Wer glaubt, braucht Mut zum Kämpfen.
„Der Gerechte muss viel leiden, aber aus alledem hilft ihm der Herr.“

Ps. 34, 20
Wo der Glaubende, Gott an sich zu seinem Recht kommen lässt. bezieht er Position für Gott und gegen sich und die Menschen. Gott steht zu denen, die zu ihm stehen. Im Glauben stoßen zwei Welten aufeinander. Wo sich ein Mensch von Gott bestimmen lässt, tritt er in eine Spannung mit der natürlichen Welt ein. An der Gottesbeziehung scheiden sich die Geister. Die Wahrheit Gottes konfrontiert die Menschen. Der Glaubende wird für den Ungerechten unbequem. 
Das sehen wir im Lehrtext bei Paulus und Silas. Sie befreiten eine Wahrsagerin von ihrem Ungeist. Damit war ihren Auftraggebern das Geschäft vermasselt. Paulus erntete dafür Prügel und die Beiden landeten im Gefängnis. Wie die Gittertüren dann bei dem nächtlichen Lobgesang aufgesprungen sind, kennen wir ja. Oder, noch nicht so lange her, war es im sozialistischen Teil unseres Landes nicht möglich, als Christ ein gewisses Studium zu absolvieren.
Der Glaubende muss leiden, das liegt in der Natur der Sache. Das ist nichts Neues, dafür im KZ zu landen. Wir müssen uns das gerade in einer pluralistischen Gesellschaft immer wieder bewusst machen. Spott und Verachtung zu ernten ist auch in einem Land, das die Religionsfreiheit hochhält nichts Außergewöhnliches. So lange die Erde steht, wir der Glaube bekämpft und muss der Gerechte leiden. 

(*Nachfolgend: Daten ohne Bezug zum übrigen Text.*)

lemma upper_env_transmission_subsolution:
  assumes r: "r \<le> \<rho> - sqrt (2 * \<epsilon> * M)"
    and sub: "\<forall>x0 \<phi> \<delta> \<psi>p \<psi>m Up Um. x0 \<in> ball 0 1 \<and> x0 $ k = 0 \<and> touches_above (ball 0 1) u \<phi> x0 \<and>
      0 < \<delta> \<and> continuous_on (cball x0 \<delta>) \<phi> \<and>
      closure (ball x0 \<delta> \<inter> {x. 0 < x $ k}) \<subseteq> Up \<and> C2_on Up \<psi>p \<and>
      (\<forall>x\<in>closure (ball x0 \<delta> \<inter> {x. 0 < x $ k}). \<psi>p x = \<phi> x) \<and>
      closure (ball x0 \<delta> \<inter> {x. x $ k < 0}) \<subseteq> Um \<and> C2_on Um \<psi>m \<and>
      (\<forall>x\<in>closure (ball x0 \<delta> \<inter> {x. x $ k < 0}). \<psi>m x = \<phi> x)
      \<longrightarrow> g x0 \<le> pderiv k \<psi>p x0 - pderiv k \<psi>m x0"
    and uc: "uniformly_continuous_on (ball 0 1 \<inter> {x. x $ k = 0}) g"
  shows "\<forall>x0 \<phi> \<delta> \<psi>p \<psi>m Up Um. x0 \<in> ball 0 r \<and> x0 $ k = 0 \<and>
      touches_above (ball 0 r) (upper_env k \<rho> \<epsilon> u) \<phi> x0 \<and>
      0 < \<delta> \<and> continuous_on (cball x0 \<delta>) \<phi> \<and>
      closure (ball x0 \<delta> \<inter> {x. 0 < x $ k}) \<subseteq> Up \<and> C2_on Up \<psi>p \<and>
      (\<forall>x\<in>closure (ball x0 \<delta> \<inter> {x. 0 < x $ k}). \<psi>p x = \<phi> x) \<and>
      closure (ball x0 \<delta> \<inter> {x. x $ k < 0}) \<subseteq> Um \<and> C2_on Um \<psi>m \<and>
      (\<forall>x\<in>closure (ball x0 \<delta> \<inter> {x. x $ k < 0}). \<psi>m x = \<phi> x)
      \<longrightarrow> g x0 - modc (ball 0 1 \<inter> {x. x $ k = 0}) g (sqrt (2 * \<epsilon> * M))
          \<le> pderiv k \<psi>p x0 - pderiv k \<psi>m x0"
proof (intro allI impI, elim conjE)
  fix x0 \<phi> \<delta> \<psi>p \<psi>m Up Um
  assume x0: "x0 \<in> ball 0 r" and on_T: "x0 $ k = 0"
    and touch: "touches_above (ball 0 r) (upper_env k \<rho> \<epsilon> u) \<phi> x0"
    and \<delta>: "0 < \<delta>" and cont: "continuous_on (cball x0 \<delta>) \<phi>"
    and Up: "closure (ball x0 \<delta> \<inter> {x. 0 < x $ k}) \<subseteq> Up" and C2p: "C2_on Up \<psi>p"
    and eqp: "\<forall>x\<in>closure (ball x0 \<delta> \<inter> {x. 0 < x $ k}). \<psi>p x = \<phi> x"
    and Um: "closure (ball x0 \<delta> \<inter> {x. x $ k < 0}) \<subseteq> Um" and C2m: "C2_on Um \<psi>m"
    and eqm: "\<forall>x\<in>closure (ball x0 \<delta> \<inter> {x. x $ k < 0}). \<psi>m x = \<phi> x"
  obtain h where h: "h $ k = 0" "norm h \<le> sqrt (2 * \<epsilon> * M)" "x0 + h \<in> ball 0 1"
    "touches_above (ball 0 1) u (\<lambda>x. \<phi> (x - h) + (norm h)\<^sup>2 / \<epsilon>) (x0 + h)"
    using upper_env_touching_transfer[OF r x0 touch] by blast
  define c where "c = (norm h)\<^sup>2 / \<epsilon>"
  have shifted_side:
    "closure (ball (x0 + h) \<delta> \<inter> {x. P (x $ k)}) \<subseteq> (+) h ` U \<and> C2_on ((+) h ` U) (\<lambda>x. \<psi> (x - h) + c) \<and>
     (\<forall>x\<in>closure (ball (x0 + h) \<delta> \<inter> {x. P (x $ k)}). \<psi> (x - h) + c = \<phi> (x - h) + c)"
    if "closure (ball x0 \<delta> \<inter> {x. P (x $ k)}) \<subseteq> U" "C2_on U \<psi>"
      "\<forall>x\<in>closure (ball x0 \<delta> \<inter> {x. P (x $ k)}). \<psi> x = \<phi> x" for P U \<psi>
    using that open_translation[of U h] C2_on_shift[of U \<psi> "(+) h ` U" h c]
    by (auto simp: mem_closure_half_ball_translate[OF h(1)] translate_mem_iff C2_on_def)
  have "continuous_on (cball (x0 + h) \<delta>) (\<lambda>x. \<phi> (x - h) + c)"
    using cont by (intro continuous_intros continuous_on_compose2[OF cont])
      (auto simp: dist_norm algebra_simps)
  then have "g (x0 + h) \<le> pderiv k (\<lambda>x. \<psi>p (x - h) + c) (x0 + h) - pderiv k (\<lambda>x. \<psi>m (x - h) + c) (x0 + h)"
    using sub[rule_format, of "x0 + h" "\<lambda>x. \<phi> (x - h) + c" \<delta> "(+) h ` Up" _ "(+) h ` Um"]
      shifted_side[of "\<lambda>t. 0 < t", OF Up C2p eqp] shifted_side[of "\<lambda>t. t < 0", OF Um C2m eqm]
      h on_T \<delta> by (simp add: c_def)
  then have "g (x0 + h) \<le> pderiv k \<psi>p x0 - pderiv k \<psi>m x0"
    by (simp add: pderiv_shift)
  moreover have "\<bar>g x0 - g (x0 + h)\<bar> \<le> modc (ball 0 1 \<inter> {x. x $ k = 0}) g (sqrt (2 * \<epsilon> * M))"
    using x0 on_T h radius_le_rho[OF r] rho by (intro abs_le_modc[OF uc]) (auto simp: dist_norm)
  ultimately show "g x0 - modc (ball 0 1 \<inter> {x. x $ k = 0}) g (sqrt (2 * \<epsilon> * M))
      \<le> pderiv k \<psi>p x0 - pderiv k \<psi>m x0"
    by linarith
qed

lemma visc_sub_upper_env:
  assumes r: "r \<le> \<rho> - sqrt (2 * \<epsilon> * M)" and sub: "visc_sub k 1 Fp Fm fp fm g u"
    and "uniformly_continuous_on (ball 0 1 \<inter> {x. 0 < x $ k}) fp"
    and "uniformly_continuous_on (ball 0 1 \<inter> {x. x $ k < 0}) fm"
    and "uniformly_continuous_on (ball 0 1 \<inter> {x. x $ k = 0}) g"
  shows "visc_sub k r Fp Fm
      (\<lambda>x. fp x - modc (ball 0 1 \<inter> {x. 0 < x $ k}) fp (sqrt (2 * \<epsilon> * M)))
      (\<lambda>x. fm x - modc (ball 0 1 \<inter> {x. x $ k < 0}) fm (sqrt (2 * \<epsilon> * M)))
      (\<lambda>x. g x - modc (ball 0 1 \<inter> {x. x $ k = 0}) g (sqrt (2 * \<epsilon> * M)))
      (upper_env k \<rho> \<epsilon> u)"
  using sub assms(3-5) unfolding visc_sub_def
  by (intro conjI usc_on_upper_env[OF radius_le_rho[OF r]]
      upper_env_interior_subsolution[OF r, of "\<lambda>t. 0 < t"]
      upper_env_interior_subsolution[OF r, of "\<lambda>t. t < 0"]
      upper_env_transmission_subsolution[OF r]) blast+

end

theorem mainTheorem11:
  fixes k :: "'n::finite" and lam Lam \<rho> :: real
    and Fp Fm :: "real^'n^'n \<Rightarrow> real"
    and fp fm g u :: "real^'n \<Rightarrow> real"
  assumes "ellip_class lam Lam Fp" and "ellip_class lam Lam Fm"
    and "uniformly_continuous_on (ball 0 1 \<inter> {x. 0 < x $ k}) fp"
    and "uniformly_continuous_on (ball 0 1 \<inter> {x. x $ k < 0}) fm"
    and "uniformly_continuous_on (ball 0 1 \<inter> {x. x $ k = 0}) g"
    and "bounded (u ` ball 0 1)"
    and "visc_sub k 1 Fp Fm fp fm g u"
    and "0 < \<rho>" and "\<rho> < 1"
  shows "\<exists>\<epsilon>0>0. \<forall>\<epsilon>. 0 < \<epsilon> \<and> \<epsilon> < \<epsilon>0 \<longrightarrow>
           (let r\<epsilon> = sqrt (2 * \<epsilon> * sup_norm_B1 u) in
            \<forall>r. r \<le> \<rho> - r\<epsilon> \<longrightarrow>
              visc_sub k r Fp Fm
                (\<lambda>x. fp x - modc (ball 0 1 \<inter> {x. 0 < x $ k}) fp r\<epsilon>)
                (\<lambda>x. fm x - modc (ball 0 1 \<inter> {x. x $ k < 0}) fm r\<epsilon>)
                (\<lambda>x. g x - modc (ball 0 1 \<inter> {x. x $ k = 0}) g r\<epsilon>)
                (upper_env k \<rho> \<epsilon> u))"
proof (intro exI[of _ 1] conjI allI impI zero_less_one, unfold Let_def,
    intro allI impI visc_sub_upper_env)
  show "usc_on (ball 0 1) u"
    using assms(7) by (simp add: visc_sub_def)
  show "\<And>x. x \<in> ball 0 1 \<Longrightarrow> \<bar>u x\<bar> \<le> sup_norm_B1 u"
    by (rule abs_le_sup_norm_B1[OF assms(6)])
qed (use assms in auto)

end
(* In the hyperbolic plane let $l=(MN)$ be a line (the axis) with terminals $M,N$ at infinity. Let $(AB)$ and $(CD)$ be two lines lying in different half-planes bounded by $l$, with terminals $A,B,C,D$ at infinity, such that $M,N,A,B$ are four consecutive points on the circle at infinity and $M,N,D,C$ are four consecutive points on it. Put $\theta_1=\theta(A,B)$, $\theta_2=\theta(D,C)$, $\theta_{12}=\theta(B,C)$. Let $\delta_1,\delta_2$ be vectors with $\delta_1^2=\delta_2^2=-2$ orthogonal to $(AB)$ and $(CD)$ respectively such that $l$ is contained in both $\mathcal H^+_{\delta_1}$ and $\mathcal H^+_{\delta_2}$. Then $$(\delta_1,\delta_2)=2\,\mathrm{ch}\,\rho=4\frac{\mathrm{ch}\frac{\theta_1+\theta_{12}}{2}\,\mathrm{ch}\frac{\theta_2-\theta_{12}}{2}}{\mathrm{sh}\frac{\theta_1}{2}\,\mathrm{sh}\frac{\theta_2}{2}}-2,$$ where $\rho$ is the distance between the lines $(AB)$ and $(CD)$.
   Context: Let $V$ be a $3$-dimensional real vector space with a symmetric bilinear form of signature $(1,2)$; the hyperbolic plane is $\mathcal L=V^+/\mathbb R_{>0}$ ($V^+$ a component of $\{x^2>0\}$), curvature $-1$. Points at infinity are isotropic rays in the closure of $V^+$; they form a circle identified with the real projective line, with cross-ratio $[P,Q,R,S]=\frac{(t_R-t_P)(t_S-t_Q)}{(t_R-t_Q)(t_S-t_P)}$ in a projective coordinate $t$. For $\delta$ with $\delta^2<0$, $\mathcal H^+_\delta=\{\mathbb R_{>0}x:(x,\delta)\ge0\}$. For points $A,B$ at infinity in the same half-plane bounded by the axis $l=(MN)$, $\theta(A,B)=\ln[M,N,A,B]$. For a point $X$ at infinity not on $l$ let $X'$ be the other terminal of the line through $X$ orthogonal to $l$; for $A,B$ in different half-planes bounded by $l$, $\theta(A,B)=\theta(A,B')$. *)

theory Defs
  imports "HOL-Analysis.Analysis"
begin

text \<open>Model: V = R^3 with the symmetric bilinear form of signature (1,2)
  (x,y) = x1 y1 - x2 y2 - x3 y3.  V+ is the component of {x^2 > 0} with x1 > 0.\<close>

definition mink :: "real^3 \<Rightarrow> real^3 \<Rightarrow> real" where
  "mink x y = x$1 * y$1 - x$2 * y$2 - x$3 * y$3"

definition Vplus :: "(real^3) set" where
  "Vplus = {x. mink x x > 0 \<and> x$1 > 0}"

text \<open>A point at infinity is an isotropic ray in the closure of V+; it is
  represented by any nonzero vector on it.\<close>
definition at_inf :: "real^3 \<Rightarrow> bool" where
  "at_inf v \<longleftrightarrow> mink v v = 0 \<and> v$1 > 0"
lemma avg_mix:
  fixes z :: "nat \<Rightarrow> 'a::real_vector"
  assumes W_sym: "\<forall>i<n. \<forall>j<n. W i j = W j i"
    and W_stoch: "\<forall>i<n. (\<Sum>j<n. W i j) = 1"
  shows "avg n (\<lambda>i. \<Sum>j<n. W i j *\<^sub>R z j) = avg n z"
proof -
  have col: "(\<Sum>i<n. W i j) = 1" if "j < n" for j
    using W_stoch W_sym that by (metis (no_types, lifting) lessThan_iff sum.cong)
  have "(\<Sum>i<n. \<Sum>j<n. W i j *\<^sub>R z j) = (\<Sum>j<n. (\<Sum>i<n. W i j) *\<^sub>R z j)"
    by (subst sum.swap) (simp add: scaleR_sum_left)
  also have "\<dots> = (\<Sum>j<n. z j)" by (intro sum.cong) (simp_all add: col)
  finally show ?thesis unfolding avg_def by simp
qed

section \<open>The mixing matrix\<close>

lemma bdd_above_rho_w_set:
  "bdd_above {sqrt (\<Sum>i<n. (\<Sum>j<n. (W i j - 1 / real n) * v j)\<^sup>2) | v. (\<Sum>j<n. (v j)\<^sup>2) \<le> 1}"
  unfolding bdd_above_def
proof (intro exI ballI)
  let ?B = "sqrt (\<Sum>i<n. (\<Sum>j<n. \<bar>W i j - 1 / real n\<bar>)\<^sup>2)"
  fix r assume "r \<in> {sqrt (\<Sum>i<n. (\<Sum>j<n. (W i j - 1 / real n) * v j)\<^sup>2) | v. (\<Sum>j<n. (v j)\<^sup>2) \<le> 1}"
  then obtain v where r: "r = sqrt (\<Sum>i<n. (\<Sum>j<n. (W i j - 1 / real n) * v j)\<^sup>2)"
    and v: "(\<Sum>j<n. (v j)\<^sup>2) \<le> 1" by blast
  have "\<bar>v j\<bar> \<le> 1" if "j < n" for j
  proof -
    have "(v j)\<^sup>2 \<le> 1"
      using that v member_le_sum[of j "{..<n}" "\<lambda>j. (v j)\<^sup>2"] by simp
    then show ?thesis by (simp add: abs_square_le_1)
  qed
  then have "\<bar>\<Sum>j<n. (W i j - 1 / real n) * v j\<bar> \<le> (\<Sum>j<n. \<bar>W i j - 1 / real n\<bar>)" for i
    by (intro order_trans[OF sum_abs] sum_mono)
       (auto simp: abs_mult intro: mult_left_le[OF _ abs_ge_zero])
  then have "(\<Sum>j<n. (W i j - 1 / real n) * v j)\<^sup>2 \<le> (\<Sum>j<n. \<bar>W i j - 1 / real n\<bar>)\<^sup>2" for i
    by (metis abs_ge_zero power2_abs power_mono)
  then show "r \<le> ?B" unfolding r by (intro real_sqrt_le_mono sum_mono) auto
qed

lemma centered_mix_le_rho_w_real:
  fixes v :: "nat \<Rightarrow> real"
  shows "(\<Sum>i<n. (\<Sum>j<n. (W i j - 1 / real n) * v j)\<^sup>2) \<le> (rho_w n W)\<^sup>2 * (\<Sum>j<n. (v j)\<^sup>2)"
proof (cases "(\<Sum>j<n. (v j)\<^sup>2) = 0")
  case True
  then have "\<forall>j<n. v j = 0" by (simp add: sum_nonneg_eq_0_iff)
  then show ?thesis by simp
next
  case False
  define S where "S = (\<Sum>j<n. (v j)\<^sup>2)"
  have S: "S > 0" using False sum_nonneg[of "{..<n}" "\<lambda>j. (v j)\<^sup>2"] unfolding S_def by simp
  define u where "u j = v j / sqrt S" for j
  have Mu: "(\<Sum>i<n. (\<Sum>j<n. (W i j - 1 / real n) * u j)\<^sup>2)
      = (\<Sum>i<n. (\<Sum>j<n. (W i j - 1 / real n) * v j)\<^sup>2) / S"
    using S by (simp add: u_def sum_divide_distrib[symmetric] power_divide)
  have "(\<Sum>j<n. (u j)\<^sup>2) = 1"
    using S unfolding u_def by (simp add: power_divide sum_divide_distrib[symmetric] S_def)
  then have "sqrt (\<Sum>i<n. (\<Sum>j<n. (W i j - 1 / real n) * u j)\<^sup>2) \<in>
        {sqrt (\<Sum>i<n. (\<Sum>j<n. (W i j - 1 / real n) * v j)\<^sup>2) | v. (\<Sum>j<n. (v j)\<^sup>2) \<le> 1}"
    by (intro CollectI exI[of _ u]) simp
  from cSup_upper[OF this bdd_above_rho_w_set]
  have "sqrt (\<Sum>i<n. (\<Sum>j<n. (W i j - 1 / real n) * u j)\<^sup>2) \<le> rho_w n W"
    unfolding rho_w_def by simp
  then have "(sqrt (\<Sum>i<n. (\<Sum>j<n. (W i j - 1 / real n) * u j)\<^sup>2))\<^sup>2 \<le> (rho_w n W)\<^sup>2"
    by (rule power_mono) (simp_all add: sum_nonneg)
  then have "(\<Sum>i<n. (\<Sum>j<n. (W i j - 1 / real n) * u j)\<^sup>2) \<le> (rho_w n W)\<^sup>2"
    by (simp add: sum_nonneg)
  then show ?thesis using S unfolding Mu S_def by (simp add: divide_le_eq mult.commute)
qed
text \<open>est_MDP on nonempty traces z0 z1 ... zn (the first observation is the initial one);
  division by zero yields 0 in Isabelle, matching the convention 0/0 = 0.\<close>
fun est_MDP :: "'s::finite pmf \<Rightarrow> ('s \<Rightarrow> 'a::finite \<Rightarrow> 's pmf option) \<Rightarrow> ('s \<Rightarrow> 'z pmf)
    \<Rightarrow> 'z list \<Rightarrow> (real ^ 's) set" where
  "est_MDP \<iota> P obs [] = {}"
| "est_MDP \<iota> P obs (z # zs) =
     foldl (\<lambda>B z. \<Union>bel\<in>B. est_up P obs bel z) {est_init \<iota> obs z} zs"

definition V :: "('v::real_vector) set \<Rightarrow> 'v set" where
  "V B = {b \<in> B. b \<notin> convex hull (B - {b})}"

end

theory Submission
  imports Defs
begin

text \<open>One estimator step sends a belief to the normalisation of a vector that is linear in the
  belief and, through the product of the scheduler's action distributions, a convex combination
  of its values under the finitely many deterministic schedulers. Normalisation maps a convex
  combination of nonnegative vectors into the convex hull of their normalisations. Hence, by
  induction on the trace, each set of estimates lies in the convex hull of a finite subset of
  itself, and its vertices belong to that subset.\<close>

lemma sum_prod_marginal:
  fixes p :: "'x::finite \<Rightarrow> 'y::finite \<Rightarrow> 'c::comm_semiring_1"
  assumes "\<And>x. (\<Sum>y\<in>UNIV. p x y) = 1"
  shows "(\<Sum>f\<in>UNIV. (\<Prod>x\<in>UNIV. p x (f x)) * g (f x\<^sub>0)) = (\<Sum>y\<in>UNIV. p x\<^sub>0 y * g y)"
proof -
  define q where "q x y = (if x = x\<^sub>0 then p x y * g y else p x y)" for x y
  have q_prod: "(\<Prod>x\<in>UNIV. q x (f x)) = (\<Prod>x\<in>UNIV. p x (f x)) * g (f x\<^sub>0)" for f :: "'x \<Rightarrow> 'y"
  proof -
    have "(\<Prod>x\<in>UNIV. q x (f x)) = q x\<^sub>0 (f x\<^sub>0) * (\<Prod>x\<in>UNIV - {x\<^sub>0}. q x (f x))"
      by (simp add: prod.remove[of UNIV x\<^sub>0])
    also have "\<dots> = p x\<^sub>0 (f x\<^sub>0) * g (f x\<^sub>0) * (\<Prod>x\<in>UNIV - {x\<^sub>0}. p x (f x))"
      by (simp add: q_def)
    also have "\<dots> = (\<Prod>x\<in>UNIV. p x (f x)) * g (f x\<^sub>0)"
      by (simp add: prod.remove[of UNIV x\<^sub>0] mult_ac)
    finally show ?thesis .
  qed
  have "(\<Sum>f\<in>UNIV. \<Prod>x\<in>UNIV. q x (f x)) = (\<Prod>x\<in>UNIV. \<Sum>y\<in>UNIV. q x y)"
    using prod_sum_PiE[of UNIV "\<lambda>_. UNIV" q] by simp
  also have "\<dots> = (\<Sum>y\<in>UNIV. q x\<^sub>0 y) * (\<Prod>x\<in>UNIV - {x\<^sub>0}. \<Sum>y\<in>UNIV. q x y)"
    by (simp add: prod.remove)
  also have "(\<Prod>x\<in>UNIV - {x\<^sub>0}. \<Sum>y\<in>UNIV. q x y) = 1"
    by (rule prod.neutral) (simp add: q_def assms)
  finally have "(\<Sum>f\<in>UNIV. \<Prod>x\<in>UNIV. q x (f x)) = (\<Sum>y\<in>UNIV. q x\<^sub>0 y)"
    by simp
  then show ?thesis
    unfolding q_prod by (simp add: q_def)
qed

definition mass :: "real ^ 'n \<Rightarrow> real" where
  "mass x = (\<Sum>i\<in>UNIV. x $ i)"

definition normalized :: "real ^ 'n \<Rightarrow> real ^ 'n" where
  "normalized x = inverse (mass x) *\<^sub>R x"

Das Starke dabei ist, dass Gefängnistore aufspringen und Gott zu den Seinen steht. Wer den Mut hat, an Gott zu bleiben, in dem wird Gott bleiben, auch wenn er unter dem Widerstand umkommt. Wo sich der Mensch auf Gott einlässt, ist er nie verlassen. Wo der Gerechte bereit ist, für seine Überzeugung zu sterben, wird ihn auch der Tod nicht von Gott trennen. Daher können wir mutig für die Gerechtigkeit einstehen, auch wenn es ungemütlich wird.
Was kann uns von der Liebe Gottes trennen, wenn wir bei allem was passiert, nur in sie hineinfallen können?